Berjalan di belakang Yesus ke sana ke mari, melakukan ini dan itu, berjumpa
dengan berbagai orang pastinya membuat kita akan terpesona melihat prioritas-Nya,
keprihatinan-Nya, dan orientasi hidup-Nya, yang membuat kita pun belajar
membarui hal yang perlu kita prioritaskan/utamakan, membarui hal yang kita
prihatinkan, membarui arah hidup kita demi menjadi sesuai dengan prioritas,
keprihatinan, dan arah hidup Yesus. Akan janggal bila kita berjalan
dibelakang-Nya namun hidup kita masih sama saja. Akan janggal bila kita mengikut
Yesus Kristus yang melihat tantangan sebagai peluang namun kita tetap meilhat
tantangan sebagai hambatan yang merisaukan.
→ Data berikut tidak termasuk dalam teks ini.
definition sz :: "(nat \<Rightarrow> nat) \<Rightarrow> nat" where
  "sz f = sum f {..<N}"

lemma sz_fun_upd_Suc: "q < N \<Longrightarrow> sz (f(q := Suc (f q))) = Suc (sz f)"
  unfolding sz_def using sum_fun_upd_add[of "{..<N}" q f "Suc (f q)"] by simp

lemma sz_fun_upd_pred: "q < N \<Longrightarrow> 0 < f q \<Longrightarrow> Suc (sz (f(q := f q - 1))) = sz f"
  unfolding sz_def using sum_fun_upd_add[of "{..<N}" q f "f q - 1"] by simp

lemma sz_mono: "(\<And>i. f i \<le> g i) \<Longrightarrow> sz f \<le> sz g"
  unfolding sz_def by (rule sum_mono)

definition sp_rows :: "nat \<Rightarrow> nat \<Rightarrow> (nat \<Rightarrow> nat) set" where
  "sp_rows l n = {Y. hstrip La Y \<and> hstrip V Y \<and> sz La = sz Y + l \<and> sz V = sz Y + n}"

definition spo_rows :: "nat \<Rightarrow> nat \<Rightarrow> nat \<Rightarrow> ((nat \<Rightarrow> nat) \<times> (nat \<Rightarrow> nat)) set" where
  "spo_rows l m1 m2 = {(X, Y). hstrip X La \<and> hstrip X Y \<and> hstrip V Y \<and>
     (La 0 \<noteq> X 0 \<longrightarrow> X 0 = Y 0) \<and> (\<forall>a b. La a < X a \<and> Y b < V b \<longrightarrow> X a \<le> Y b) \<and>
     sz X = sz La + m1 \<and> sz X = sz Y + l \<and> sz V = sz Y + m2}"

lemma spo_rowsD:
  assumes "(X, Y) \<in> spo_rows l m1 m2"
  shows "hstrip X La" "hstrip X Y" "hstrip V Y" "La 0 \<noteq> X 0 \<Longrightarrow> X 0 = Y 0"
    "\<And>a b. La a < X a \<Longrightarrow> Y b < V b \<Longrightarrow> X a \<le> Y b"
    "sz X = sz La + m1" "sz X = sz Y + l" "sz V = sz Y + m2"
  using assms unfolding spo_rows_def by auto
(* Fix $\eta>0$, $\lambda\in\mathbb{R}^{2md}$ and $i\in V$, and let $\lambda'$ be obtained from $\lambda$ by replacing, for every $e\in N_i$, the block $\lambda_{e,i}$ with $$\lambda'_{e,i}(x)=\lambda_{e,i}(x)+\frac1\eta\log S^\lambda_{e,i}(x)-\frac{1}{\eta(|N_i|+1)}\log\Big(\mu^\lambda_i(x)\prod_{e'\in N_i}S^\lambda_{e',i}(x)\Big),\quad x\in\chi,$$ all other coordinates unchanged. Then $$L(\lambda)-L(\lambda')\ \ge\ \frac{1}{8|N_i|\eta}\sum_{e\in N_i}\|\nu^\lambda_{e,i}\|_1^2.$$
   Context: Let $G=(V,E)$ be a finite undirected graph with $n=|V|$, $m=|E|$, every vertex incident to at least one edge; $N_i=\{e\in E:i\in e\}$. $\chi$ is a finite label set with $d=|\chi|\ge2$. Costs $C_i\in\mathbb{R}^\chi$, $C_e\in\mathbb{R}^{\chi^2}$; for $e=\{i,j\}$, $x_e=(x_i,x_j)$ and $(x_e)_i=x_i$. Dual variables $\lambda=(\lambda_{e,i}(x))_{e\in E,i\in e,x\in\chi}\in\mathbb{R}^{2md}$ and $$L(\lambda)=\frac1\eta\sum_{i\in V}\log\sum_{x\in\chi}\exp\Big(-\eta C_i(x)+\eta\sum_{e\in N_i}\lambda_{e,i}(x)\Big)+\frac1\eta\sum_{e\in E}\log\sum_{x_e\in\chi^2}\exp\Big(-\eta C_e(x_e)-\eta\sum_{i\in e}\lambda_{e,i}((x_e)_i)\Big).$$ $\mu^\lambda_i(x)\propto\exp(-\eta C_i(x)+\eta\sum_{e\in N_i}\lambda_{e,i}(x))$, $\mu^\lambda_e(x_e)\propto\exp(-\eta C_e(x_e)-\eta\sum_{i\in e}\lambda_{e,i}((x_e)_i))$, each normalized to sum to $1$; $S^\lambda_{e,i}(x)=\sum_{x_e:(x_e)_i=x}\mu^\lambda_e(x_e)$; slack $\nu^\lambda_{e,i}=S^\lambda_{e,i}-\mu^\lambda_i$. *)

theory Defs
  imports Complex_Main "HOL-Library.FuncSet"
begin

text \<open>An edge labelling x_e is a function from the edge e to X (extensional, via PiE),
  so (x_e)_i = x_e i.\<close>

definition Nb :: "'v set set \<Rightarrow> 'v \<Rightarrow> 'v set set" where
  "Nb E i = {e \<in> E. i \<in> e}"

definition edge_labs :: "'v set \<Rightarrow> 'x set \<Rightarrow> ('v \<Rightarrow> 'x) set" where
  "edge_labs e X = PiE e (\<lambda>_. X)"

definition Ldual :: "real \<Rightarrow> 'v set \<Rightarrow> 'v set set \<Rightarrow> 'x set \<Rightarrow> ('v \<Rightarrow> 'x \<Rightarrow> real)
    \<Rightarrow> ('v set \<Rightarrow> ('v \<Rightarrow> 'x) \<Rightarrow> real) \<Rightarrow> ('v set \<Rightarrow> 'v \<Rightarrow> 'x \<Rightarrow> real) \<Rightarrow> real" where
  "Ldual eta V E X Cv Ce lam =
     (1/eta) * (\<Sum>i\<in>V. ln (\<Sum>x\<in>X. exp (- eta * Cv i x + eta * (\<Sum>e\<in>Nb E i. lam e i x))))
   + (1/eta) * (\<Sum>e\<in>E. ln (\<Sum>xe\<in>edge_labs e X. exp (- eta * Ce e xe - eta * (\<Sum>i\<in>e. lam e i (xe i)))))"

definition mu_v :: "real \<Rightarrow> 'v set set \<Rightarrow> 'x set \<Rightarrow> ('v \<Rightarrow> 'x \<Rightarrow> real)
    \<Rightarrow> ('v set \<Rightarrow> 'v \<Rightarrow> 'x \<Rightarrow> real) \<Rightarrow> 'v \<Rightarrow> 'x \<Rightarrow> real" where
  "mu_v eta E X Cv lam i x =
     exp (- eta * Cv i x + eta * (\<Sum>e\<in>Nb E i. lam e i x))
     / (\<Sum>y\<in>X. exp (- eta * Cv i y + eta * (\<Sum>e\<in>Nb E i. lam e i y)))"

definition mu_e :: "real \<Rightarrow> 'x set \<Rightarrow> ('v set \<Rightarrow> ('v \<Rightarrow> 'x) \<Rightarrow> real)
    \<Rightarrow> ('v set \<Rightarrow> 'v \<Rightarrow> 'x \<Rightarrow> real) \<Rightarrow> 'v set \<Rightarrow> ('v \<Rightarrow> 'x) \<Rightarrow> real" where
  "mu_e eta X Ce lam e xe =
     exp (- eta * Ce e xe - eta * (\<Sum>i\<in>e. lam e i (xe i)))
     / (\<Sum>ye\<in>edge_labs e X. exp (- eta * Ce e ye - eta * (\<Sum>i\<in>e. lam e i (ye i))))"

definition Smarg :: "real \<Rightarrow> 'x set \<Rightarrow> ('v set \<Rightarrow> ('v \<Rightarrow> 'x) \<Rightarrow> real)
    \<Rightarrow> ('v set \<Rightarrow> 'v \<Rightarrow> 'x \<Rightarrow> real) \<Rightarrow> 'v set \<Rightarrow> 'v \<Rightarrow> 'x \<Rightarrow> real" where
  "Smarg eta X Ce lam e i x = (\<Sum>xe\<in>{xe \<in> edge_labs e X. xe i = x}. mu_e eta X Ce lam e xe)"

definition slack :: "real \<Rightarrow> 'v set set \<Rightarrow> 'x set \<Rightarrow> ('v \<Rightarrow> 'x \<Rightarrow> real)
    \<Rightarrow> ('v set \<Rightarrow> ('v \<Rightarrow> 'x) \<Rightarrow> real) \<Rightarrow> ('v set \<Rightarrow> 'v \<Rightarrow> 'x \<Rightarrow> real) \<Rightarrow> 'v set \<Rightarrow> 'v \<Rightarrow> 'x \<Rightarrow> real" where
  "slack eta E X Cv Ce lam e i x = Smarg eta X Ce lam e i x - mu_v eta E X Cv lam i x"

definition upd :: "real \<Rightarrow> 'v set set \<Rightarrow> 'x set \<Rightarrow> ('v \<Rightarrow> 'x \<Rightarrow> real)
    \<Rightarrow> ('v set \<Rightarrow> ('v \<Rightarrow> 'x) \<Rightarrow> real) \<Rightarrow> ('v set \<Rightarrow> 'v \<Rightarrow> 'x \<Rightarrow> real) \<Rightarrow> 'v
    \<Rightarrow> ('v set \<Rightarrow> 'v \<Rightarrow> 'x \<Rightarrow> real)" where
  "upd eta E X Cv Ce lam i = (\<lambda>e j x.
     if e \<in> Nb E i \<and> j = i then
       lam e i x + (1/eta) * ln (Smarg eta X Ce lam e i x)
       - 1 / (eta * (real (card (Nb E i)) + 1))
         * ln (mu_v eta E X Cv lam i x * (\<Prod>e'\<in>Nb E i. Smarg eta X Ce lam e' i x))
     else lam e j x)"

end

theory Submission
  imports Defs "HOL-Analysis.Convex"
begin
Yesus tak memberikan tuntutan,
syarat, ketentuan, pun larangan bagi kita untuk melihat tantangan. Yesus hanya memberikan
ajakan, berupa contoh bagaimana kita harus melihat tantangan di depan. Tempat
kerja kita, lingkungan studi kita, gereja dan masyarakat sekitar kita akan
tetap memiliki tantangannya tersendiri. Mungkin tantangannya akan makin luas,
makin rumit, dan makin berat. Bentuknya bisa berupa kesempatan untuk melewati
tantangan-tantangan di depan dengan jalan pendek: penipuan, korupsi, pemerasan,
pemanfaatan ketidaktahuan orang lain, perselingkuhan ataupun kesempatan untuk
meraih kekuasaan dengan berkompromi dengan penguasa-penguasa yang menindas dan
tidak berpihak pada kepentingan orang banyak atau juga dengan mamanfaatkan
kedudukan demi kenyamanan diri sendiri.
Tetapi jika kita sadar siapa yang
di depan kita, bagaimana contoh yang diberikan-Nya, dan status kita sebagai
pengikut-Nya, maka kita akan sadar Yesus tetap berjalan di depan kita, mengajak
kita untuk berjalan terus bersama Dia, mengikuti cara-Nya melihat dan melewati
tantangan sebagai peluang dengan gembira. Sebab tidak ada yang lebih menggembirakan
daripada hidup setia pada Tuhan dan kehendak-Nya. Amin.